> _Your assignment_: Your task is to copy every line of the entries that contains "delayed".

> _Material provided_:

☆ ☆ ☆ ☆

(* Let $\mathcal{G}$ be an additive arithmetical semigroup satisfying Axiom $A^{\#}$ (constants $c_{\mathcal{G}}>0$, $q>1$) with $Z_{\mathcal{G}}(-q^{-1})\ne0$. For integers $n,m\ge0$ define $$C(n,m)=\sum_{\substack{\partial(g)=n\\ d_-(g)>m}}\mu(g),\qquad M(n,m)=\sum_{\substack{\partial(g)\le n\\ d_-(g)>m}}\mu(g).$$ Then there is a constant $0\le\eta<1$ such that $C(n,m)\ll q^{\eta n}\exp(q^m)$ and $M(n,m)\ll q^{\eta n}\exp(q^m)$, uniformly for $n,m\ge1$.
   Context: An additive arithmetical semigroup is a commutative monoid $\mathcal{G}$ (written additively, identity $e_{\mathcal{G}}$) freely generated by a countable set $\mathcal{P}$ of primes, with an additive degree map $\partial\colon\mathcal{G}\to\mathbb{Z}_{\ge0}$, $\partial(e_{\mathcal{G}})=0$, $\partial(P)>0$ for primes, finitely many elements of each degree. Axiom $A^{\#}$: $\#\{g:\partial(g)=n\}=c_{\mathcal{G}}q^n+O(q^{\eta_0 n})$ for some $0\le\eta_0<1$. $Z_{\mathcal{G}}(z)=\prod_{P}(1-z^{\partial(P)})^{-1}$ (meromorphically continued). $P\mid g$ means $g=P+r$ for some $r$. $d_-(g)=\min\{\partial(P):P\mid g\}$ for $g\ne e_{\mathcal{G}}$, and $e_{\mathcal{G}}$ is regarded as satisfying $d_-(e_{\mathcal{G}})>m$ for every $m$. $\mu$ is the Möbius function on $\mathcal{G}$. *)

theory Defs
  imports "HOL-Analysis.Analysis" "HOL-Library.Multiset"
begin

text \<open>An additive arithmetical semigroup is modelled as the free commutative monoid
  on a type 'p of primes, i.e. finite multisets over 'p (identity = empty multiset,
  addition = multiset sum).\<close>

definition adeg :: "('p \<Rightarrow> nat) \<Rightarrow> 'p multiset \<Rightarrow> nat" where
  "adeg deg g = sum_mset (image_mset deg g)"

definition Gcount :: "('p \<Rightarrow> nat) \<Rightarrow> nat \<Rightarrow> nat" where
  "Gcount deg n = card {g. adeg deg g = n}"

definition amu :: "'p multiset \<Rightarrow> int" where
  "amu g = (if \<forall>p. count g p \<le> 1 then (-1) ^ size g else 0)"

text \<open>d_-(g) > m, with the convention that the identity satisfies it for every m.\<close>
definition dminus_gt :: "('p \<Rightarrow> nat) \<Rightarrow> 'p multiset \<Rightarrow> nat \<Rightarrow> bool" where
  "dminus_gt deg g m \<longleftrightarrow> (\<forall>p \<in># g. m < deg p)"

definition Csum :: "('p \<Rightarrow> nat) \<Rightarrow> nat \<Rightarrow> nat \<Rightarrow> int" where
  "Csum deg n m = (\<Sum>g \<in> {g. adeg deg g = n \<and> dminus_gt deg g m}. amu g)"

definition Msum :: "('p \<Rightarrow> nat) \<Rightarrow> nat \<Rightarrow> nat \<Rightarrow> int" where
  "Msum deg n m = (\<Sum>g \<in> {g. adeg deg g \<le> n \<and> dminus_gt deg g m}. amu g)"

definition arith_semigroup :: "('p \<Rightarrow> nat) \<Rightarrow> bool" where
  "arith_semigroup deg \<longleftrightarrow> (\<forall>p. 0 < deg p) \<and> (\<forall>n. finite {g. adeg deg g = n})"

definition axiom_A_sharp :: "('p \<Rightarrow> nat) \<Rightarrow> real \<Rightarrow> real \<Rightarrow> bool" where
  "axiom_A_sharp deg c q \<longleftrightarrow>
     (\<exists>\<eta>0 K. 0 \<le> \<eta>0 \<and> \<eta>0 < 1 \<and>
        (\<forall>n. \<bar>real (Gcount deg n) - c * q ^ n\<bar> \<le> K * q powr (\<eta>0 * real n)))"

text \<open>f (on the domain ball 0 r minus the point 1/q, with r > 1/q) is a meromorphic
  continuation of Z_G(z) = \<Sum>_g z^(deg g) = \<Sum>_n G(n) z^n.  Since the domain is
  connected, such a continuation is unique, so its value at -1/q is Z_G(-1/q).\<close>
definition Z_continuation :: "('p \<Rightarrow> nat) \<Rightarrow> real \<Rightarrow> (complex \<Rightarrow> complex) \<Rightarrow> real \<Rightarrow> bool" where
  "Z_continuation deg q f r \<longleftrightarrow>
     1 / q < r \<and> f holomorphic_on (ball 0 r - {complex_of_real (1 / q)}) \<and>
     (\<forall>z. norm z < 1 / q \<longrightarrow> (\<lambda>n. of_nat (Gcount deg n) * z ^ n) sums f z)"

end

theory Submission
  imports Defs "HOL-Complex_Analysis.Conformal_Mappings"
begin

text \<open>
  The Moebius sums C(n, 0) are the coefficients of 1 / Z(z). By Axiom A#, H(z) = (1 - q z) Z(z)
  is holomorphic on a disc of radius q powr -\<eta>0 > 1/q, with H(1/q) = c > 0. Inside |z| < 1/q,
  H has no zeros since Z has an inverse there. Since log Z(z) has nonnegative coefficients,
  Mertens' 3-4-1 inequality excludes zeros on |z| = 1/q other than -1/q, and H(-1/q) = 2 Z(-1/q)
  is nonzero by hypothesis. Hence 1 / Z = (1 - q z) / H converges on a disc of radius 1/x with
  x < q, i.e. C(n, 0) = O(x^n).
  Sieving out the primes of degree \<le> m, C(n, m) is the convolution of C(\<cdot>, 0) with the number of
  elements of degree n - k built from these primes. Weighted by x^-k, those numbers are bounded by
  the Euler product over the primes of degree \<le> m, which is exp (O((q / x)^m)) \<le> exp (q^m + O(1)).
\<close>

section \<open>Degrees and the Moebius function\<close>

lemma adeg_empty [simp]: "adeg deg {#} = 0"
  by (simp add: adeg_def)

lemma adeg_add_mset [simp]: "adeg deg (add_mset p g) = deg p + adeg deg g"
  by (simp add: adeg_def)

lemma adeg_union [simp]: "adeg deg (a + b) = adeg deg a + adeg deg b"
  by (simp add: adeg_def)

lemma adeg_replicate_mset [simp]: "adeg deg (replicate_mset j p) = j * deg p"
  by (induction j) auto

☆ ☆ ☆ ☆

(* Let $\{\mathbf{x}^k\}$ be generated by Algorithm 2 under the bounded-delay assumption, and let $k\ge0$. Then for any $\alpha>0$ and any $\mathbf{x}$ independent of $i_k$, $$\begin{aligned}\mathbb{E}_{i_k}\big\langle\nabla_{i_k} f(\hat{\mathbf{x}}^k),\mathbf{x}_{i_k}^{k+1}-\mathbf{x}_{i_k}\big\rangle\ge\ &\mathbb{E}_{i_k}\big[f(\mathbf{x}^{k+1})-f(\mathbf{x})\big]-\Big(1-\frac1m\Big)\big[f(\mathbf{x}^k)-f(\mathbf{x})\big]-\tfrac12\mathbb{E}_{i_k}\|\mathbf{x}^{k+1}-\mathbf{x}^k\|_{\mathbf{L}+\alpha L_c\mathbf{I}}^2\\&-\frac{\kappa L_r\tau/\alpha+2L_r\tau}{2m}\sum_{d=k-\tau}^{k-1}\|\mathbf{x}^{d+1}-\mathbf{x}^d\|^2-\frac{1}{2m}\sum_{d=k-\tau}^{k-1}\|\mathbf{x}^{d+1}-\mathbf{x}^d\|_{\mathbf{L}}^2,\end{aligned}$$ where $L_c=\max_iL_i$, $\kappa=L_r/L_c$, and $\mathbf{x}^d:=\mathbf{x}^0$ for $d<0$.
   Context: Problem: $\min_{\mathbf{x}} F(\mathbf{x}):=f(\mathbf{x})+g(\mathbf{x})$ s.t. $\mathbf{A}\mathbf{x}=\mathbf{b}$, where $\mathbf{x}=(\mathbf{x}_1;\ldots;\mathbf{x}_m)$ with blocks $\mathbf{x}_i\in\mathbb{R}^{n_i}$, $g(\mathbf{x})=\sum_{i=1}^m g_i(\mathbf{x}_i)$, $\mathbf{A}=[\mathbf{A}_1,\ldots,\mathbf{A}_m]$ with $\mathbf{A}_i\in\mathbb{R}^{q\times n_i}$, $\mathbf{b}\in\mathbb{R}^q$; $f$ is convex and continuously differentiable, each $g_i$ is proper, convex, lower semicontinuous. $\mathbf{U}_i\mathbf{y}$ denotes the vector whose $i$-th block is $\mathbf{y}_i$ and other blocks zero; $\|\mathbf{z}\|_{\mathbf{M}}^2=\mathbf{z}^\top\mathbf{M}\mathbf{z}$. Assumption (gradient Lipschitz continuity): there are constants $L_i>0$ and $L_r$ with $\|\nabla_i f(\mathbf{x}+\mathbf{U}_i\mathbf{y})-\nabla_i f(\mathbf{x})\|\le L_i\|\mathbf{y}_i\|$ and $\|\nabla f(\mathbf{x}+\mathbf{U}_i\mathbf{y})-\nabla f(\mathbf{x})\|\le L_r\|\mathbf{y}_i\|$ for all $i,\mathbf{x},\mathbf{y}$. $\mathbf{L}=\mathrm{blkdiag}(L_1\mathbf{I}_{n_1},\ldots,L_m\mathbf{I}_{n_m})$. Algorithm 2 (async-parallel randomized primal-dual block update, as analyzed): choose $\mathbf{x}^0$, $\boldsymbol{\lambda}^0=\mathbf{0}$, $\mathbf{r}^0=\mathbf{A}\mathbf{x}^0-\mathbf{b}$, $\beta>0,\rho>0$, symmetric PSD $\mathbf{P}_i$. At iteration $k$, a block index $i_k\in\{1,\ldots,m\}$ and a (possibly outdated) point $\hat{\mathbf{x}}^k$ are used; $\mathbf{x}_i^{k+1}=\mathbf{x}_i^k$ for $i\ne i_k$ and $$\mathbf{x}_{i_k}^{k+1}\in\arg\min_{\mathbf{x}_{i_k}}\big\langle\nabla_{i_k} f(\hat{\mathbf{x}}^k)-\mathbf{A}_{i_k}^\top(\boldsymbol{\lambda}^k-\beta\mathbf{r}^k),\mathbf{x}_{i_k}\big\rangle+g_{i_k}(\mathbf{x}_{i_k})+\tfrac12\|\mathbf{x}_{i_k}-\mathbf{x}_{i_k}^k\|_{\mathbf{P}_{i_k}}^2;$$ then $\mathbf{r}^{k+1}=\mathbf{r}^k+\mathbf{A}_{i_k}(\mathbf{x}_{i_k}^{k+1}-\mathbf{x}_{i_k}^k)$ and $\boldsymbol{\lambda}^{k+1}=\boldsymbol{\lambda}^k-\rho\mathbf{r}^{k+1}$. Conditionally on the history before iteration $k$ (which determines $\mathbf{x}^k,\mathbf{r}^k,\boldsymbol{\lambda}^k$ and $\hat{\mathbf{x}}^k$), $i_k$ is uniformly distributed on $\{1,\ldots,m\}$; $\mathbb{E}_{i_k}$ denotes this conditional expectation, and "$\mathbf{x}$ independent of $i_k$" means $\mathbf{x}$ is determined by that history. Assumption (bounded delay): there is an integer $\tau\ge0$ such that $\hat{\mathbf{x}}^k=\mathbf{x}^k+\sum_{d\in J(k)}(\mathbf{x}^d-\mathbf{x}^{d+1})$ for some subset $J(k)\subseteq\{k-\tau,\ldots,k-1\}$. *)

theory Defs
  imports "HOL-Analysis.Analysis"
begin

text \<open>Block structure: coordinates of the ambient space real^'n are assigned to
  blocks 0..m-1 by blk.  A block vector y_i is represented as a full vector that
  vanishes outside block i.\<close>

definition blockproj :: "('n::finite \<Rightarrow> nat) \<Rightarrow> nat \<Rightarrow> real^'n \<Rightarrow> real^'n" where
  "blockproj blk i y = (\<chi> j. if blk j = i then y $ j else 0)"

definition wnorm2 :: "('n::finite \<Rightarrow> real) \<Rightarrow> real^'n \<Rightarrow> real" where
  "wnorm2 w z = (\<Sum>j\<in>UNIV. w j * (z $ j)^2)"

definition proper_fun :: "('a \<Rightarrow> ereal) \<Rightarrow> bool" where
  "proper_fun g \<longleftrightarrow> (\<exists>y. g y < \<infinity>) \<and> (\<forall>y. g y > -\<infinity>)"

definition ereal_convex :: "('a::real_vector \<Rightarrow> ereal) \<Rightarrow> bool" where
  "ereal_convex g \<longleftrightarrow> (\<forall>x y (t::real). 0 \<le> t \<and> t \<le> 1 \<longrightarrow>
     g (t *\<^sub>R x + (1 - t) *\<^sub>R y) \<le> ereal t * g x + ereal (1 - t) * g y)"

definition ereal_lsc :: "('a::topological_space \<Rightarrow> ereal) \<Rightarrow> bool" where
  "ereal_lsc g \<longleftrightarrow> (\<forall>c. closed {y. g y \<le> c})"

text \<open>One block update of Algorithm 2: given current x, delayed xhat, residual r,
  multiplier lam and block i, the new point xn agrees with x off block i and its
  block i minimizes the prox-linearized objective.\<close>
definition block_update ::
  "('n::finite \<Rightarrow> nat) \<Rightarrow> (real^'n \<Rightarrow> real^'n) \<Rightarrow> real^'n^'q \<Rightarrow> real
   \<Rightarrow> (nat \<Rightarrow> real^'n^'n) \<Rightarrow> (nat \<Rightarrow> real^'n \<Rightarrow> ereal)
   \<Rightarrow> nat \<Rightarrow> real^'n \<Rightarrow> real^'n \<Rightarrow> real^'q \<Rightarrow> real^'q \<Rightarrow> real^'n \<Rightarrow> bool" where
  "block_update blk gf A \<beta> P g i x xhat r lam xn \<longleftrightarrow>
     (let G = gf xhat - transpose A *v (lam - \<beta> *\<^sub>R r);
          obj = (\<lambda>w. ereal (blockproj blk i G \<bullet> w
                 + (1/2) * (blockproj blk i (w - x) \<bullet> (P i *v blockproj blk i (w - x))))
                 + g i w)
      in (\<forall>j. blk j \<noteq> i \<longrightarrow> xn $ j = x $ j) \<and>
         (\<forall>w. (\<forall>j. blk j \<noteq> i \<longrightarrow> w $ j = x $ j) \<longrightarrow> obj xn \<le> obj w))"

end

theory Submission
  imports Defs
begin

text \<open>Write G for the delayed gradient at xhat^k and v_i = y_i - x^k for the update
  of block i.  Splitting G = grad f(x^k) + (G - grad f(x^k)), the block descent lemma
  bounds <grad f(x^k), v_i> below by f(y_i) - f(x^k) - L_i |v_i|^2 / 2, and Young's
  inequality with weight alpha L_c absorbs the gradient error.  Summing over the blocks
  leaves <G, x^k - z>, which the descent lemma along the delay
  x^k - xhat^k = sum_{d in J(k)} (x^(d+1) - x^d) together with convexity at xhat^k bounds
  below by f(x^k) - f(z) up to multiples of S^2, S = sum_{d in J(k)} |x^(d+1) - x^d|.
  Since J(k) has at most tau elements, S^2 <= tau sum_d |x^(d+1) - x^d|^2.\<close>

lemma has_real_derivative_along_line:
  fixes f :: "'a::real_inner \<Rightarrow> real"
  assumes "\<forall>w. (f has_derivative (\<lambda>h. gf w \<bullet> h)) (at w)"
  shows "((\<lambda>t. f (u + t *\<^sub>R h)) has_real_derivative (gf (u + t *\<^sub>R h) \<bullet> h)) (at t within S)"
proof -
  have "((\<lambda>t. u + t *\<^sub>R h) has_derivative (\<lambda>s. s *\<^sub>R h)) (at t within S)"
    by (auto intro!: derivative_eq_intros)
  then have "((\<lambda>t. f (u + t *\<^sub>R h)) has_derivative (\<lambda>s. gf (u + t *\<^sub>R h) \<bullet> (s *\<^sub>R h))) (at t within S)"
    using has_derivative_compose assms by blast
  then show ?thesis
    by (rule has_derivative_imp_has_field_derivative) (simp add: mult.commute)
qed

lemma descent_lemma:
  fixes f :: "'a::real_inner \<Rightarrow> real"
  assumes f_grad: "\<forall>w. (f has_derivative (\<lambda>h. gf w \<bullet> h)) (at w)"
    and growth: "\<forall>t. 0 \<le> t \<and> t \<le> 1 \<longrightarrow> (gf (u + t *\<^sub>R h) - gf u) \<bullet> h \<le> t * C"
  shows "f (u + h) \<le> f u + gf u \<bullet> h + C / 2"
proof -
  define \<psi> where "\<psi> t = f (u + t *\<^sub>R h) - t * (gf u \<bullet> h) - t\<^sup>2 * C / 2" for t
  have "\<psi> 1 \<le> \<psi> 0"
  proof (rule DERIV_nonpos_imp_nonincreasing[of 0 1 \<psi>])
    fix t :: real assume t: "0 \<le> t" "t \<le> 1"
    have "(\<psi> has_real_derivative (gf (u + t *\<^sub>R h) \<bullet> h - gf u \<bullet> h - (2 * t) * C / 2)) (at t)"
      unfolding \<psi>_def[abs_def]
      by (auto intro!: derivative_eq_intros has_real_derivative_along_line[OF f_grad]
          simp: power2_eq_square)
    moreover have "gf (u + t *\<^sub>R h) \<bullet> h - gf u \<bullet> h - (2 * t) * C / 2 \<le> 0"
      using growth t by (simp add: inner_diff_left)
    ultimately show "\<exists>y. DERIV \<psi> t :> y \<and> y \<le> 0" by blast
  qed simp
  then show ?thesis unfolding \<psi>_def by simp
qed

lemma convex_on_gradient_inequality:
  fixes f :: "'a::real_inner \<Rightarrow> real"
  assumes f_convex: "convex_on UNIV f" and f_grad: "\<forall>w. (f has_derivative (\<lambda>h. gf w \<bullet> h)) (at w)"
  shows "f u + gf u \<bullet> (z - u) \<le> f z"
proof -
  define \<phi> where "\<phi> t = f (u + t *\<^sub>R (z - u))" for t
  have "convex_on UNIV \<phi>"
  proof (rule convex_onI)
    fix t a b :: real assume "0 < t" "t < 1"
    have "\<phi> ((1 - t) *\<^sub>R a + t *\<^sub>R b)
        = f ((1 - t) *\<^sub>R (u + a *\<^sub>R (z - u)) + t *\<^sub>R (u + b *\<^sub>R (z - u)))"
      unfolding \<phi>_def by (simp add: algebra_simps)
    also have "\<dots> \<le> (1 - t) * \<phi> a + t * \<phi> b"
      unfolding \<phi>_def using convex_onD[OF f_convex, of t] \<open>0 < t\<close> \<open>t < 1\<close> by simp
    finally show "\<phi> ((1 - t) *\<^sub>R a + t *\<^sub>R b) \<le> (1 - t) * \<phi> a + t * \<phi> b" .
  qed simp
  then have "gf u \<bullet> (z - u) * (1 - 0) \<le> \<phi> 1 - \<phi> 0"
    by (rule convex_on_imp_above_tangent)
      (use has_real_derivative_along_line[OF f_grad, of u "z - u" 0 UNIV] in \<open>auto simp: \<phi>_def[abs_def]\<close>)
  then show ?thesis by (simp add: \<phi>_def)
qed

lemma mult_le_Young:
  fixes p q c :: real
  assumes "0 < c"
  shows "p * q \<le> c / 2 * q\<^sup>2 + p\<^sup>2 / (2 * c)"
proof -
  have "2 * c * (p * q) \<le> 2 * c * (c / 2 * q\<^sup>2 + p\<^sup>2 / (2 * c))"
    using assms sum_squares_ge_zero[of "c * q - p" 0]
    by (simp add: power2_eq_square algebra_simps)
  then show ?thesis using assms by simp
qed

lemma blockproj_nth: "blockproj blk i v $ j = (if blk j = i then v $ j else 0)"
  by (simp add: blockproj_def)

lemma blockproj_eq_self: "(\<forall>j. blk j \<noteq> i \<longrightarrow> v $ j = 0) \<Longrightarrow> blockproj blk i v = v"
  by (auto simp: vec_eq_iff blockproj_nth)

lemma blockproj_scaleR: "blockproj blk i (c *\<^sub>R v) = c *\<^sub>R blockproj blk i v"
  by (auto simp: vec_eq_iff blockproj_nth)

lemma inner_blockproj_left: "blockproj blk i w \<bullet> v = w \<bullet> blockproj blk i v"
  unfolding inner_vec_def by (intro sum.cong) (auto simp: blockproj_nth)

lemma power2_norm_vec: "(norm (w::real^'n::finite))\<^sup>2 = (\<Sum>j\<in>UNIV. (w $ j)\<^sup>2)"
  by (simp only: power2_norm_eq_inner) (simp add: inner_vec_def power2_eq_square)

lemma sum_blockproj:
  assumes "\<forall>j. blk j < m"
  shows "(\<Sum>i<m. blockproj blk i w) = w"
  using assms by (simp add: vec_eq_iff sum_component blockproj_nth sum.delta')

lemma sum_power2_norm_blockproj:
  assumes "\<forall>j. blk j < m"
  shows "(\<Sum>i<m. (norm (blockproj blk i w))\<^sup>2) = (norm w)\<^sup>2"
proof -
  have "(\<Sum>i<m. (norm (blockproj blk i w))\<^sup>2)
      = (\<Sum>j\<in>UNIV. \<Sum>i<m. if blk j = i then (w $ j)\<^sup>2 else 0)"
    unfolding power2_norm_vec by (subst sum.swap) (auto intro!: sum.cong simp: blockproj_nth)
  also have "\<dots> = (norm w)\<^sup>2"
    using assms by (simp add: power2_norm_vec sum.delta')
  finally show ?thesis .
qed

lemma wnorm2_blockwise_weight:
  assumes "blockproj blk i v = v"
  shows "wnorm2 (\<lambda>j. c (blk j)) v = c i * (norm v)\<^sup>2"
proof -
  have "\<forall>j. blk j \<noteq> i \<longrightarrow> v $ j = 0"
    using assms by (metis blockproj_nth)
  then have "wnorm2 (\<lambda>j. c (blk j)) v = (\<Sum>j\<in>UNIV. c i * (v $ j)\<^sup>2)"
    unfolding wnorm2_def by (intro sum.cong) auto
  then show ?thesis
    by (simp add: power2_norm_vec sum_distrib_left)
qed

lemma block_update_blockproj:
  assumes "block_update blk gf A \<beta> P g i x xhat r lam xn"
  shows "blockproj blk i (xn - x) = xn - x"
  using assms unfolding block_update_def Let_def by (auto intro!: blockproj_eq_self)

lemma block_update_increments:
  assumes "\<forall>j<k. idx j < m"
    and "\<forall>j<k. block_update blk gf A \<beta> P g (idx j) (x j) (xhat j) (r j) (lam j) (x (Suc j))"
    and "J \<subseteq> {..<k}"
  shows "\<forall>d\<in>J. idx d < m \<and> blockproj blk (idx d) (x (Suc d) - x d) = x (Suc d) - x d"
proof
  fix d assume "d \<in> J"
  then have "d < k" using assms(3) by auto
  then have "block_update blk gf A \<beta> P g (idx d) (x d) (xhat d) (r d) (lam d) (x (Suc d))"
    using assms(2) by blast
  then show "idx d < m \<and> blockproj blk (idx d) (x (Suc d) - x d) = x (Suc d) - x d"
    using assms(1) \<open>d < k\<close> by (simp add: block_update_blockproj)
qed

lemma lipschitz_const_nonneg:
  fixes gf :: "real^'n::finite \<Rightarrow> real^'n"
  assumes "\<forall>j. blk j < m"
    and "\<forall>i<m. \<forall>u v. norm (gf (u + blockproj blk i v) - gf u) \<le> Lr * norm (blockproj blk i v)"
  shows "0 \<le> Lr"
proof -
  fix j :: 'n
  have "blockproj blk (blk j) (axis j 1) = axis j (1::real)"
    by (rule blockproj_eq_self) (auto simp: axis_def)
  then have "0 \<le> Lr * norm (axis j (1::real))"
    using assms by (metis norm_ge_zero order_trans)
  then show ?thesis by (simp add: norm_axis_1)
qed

☆ ☆ ☆ ☆

> _Output below_:
text \<open>One block update of Algorithm 2: given current x, delayed xhat, residual r,
text \<open>Write G for the delayed gradient at xhat^k and v_i = y_i - x^k for the update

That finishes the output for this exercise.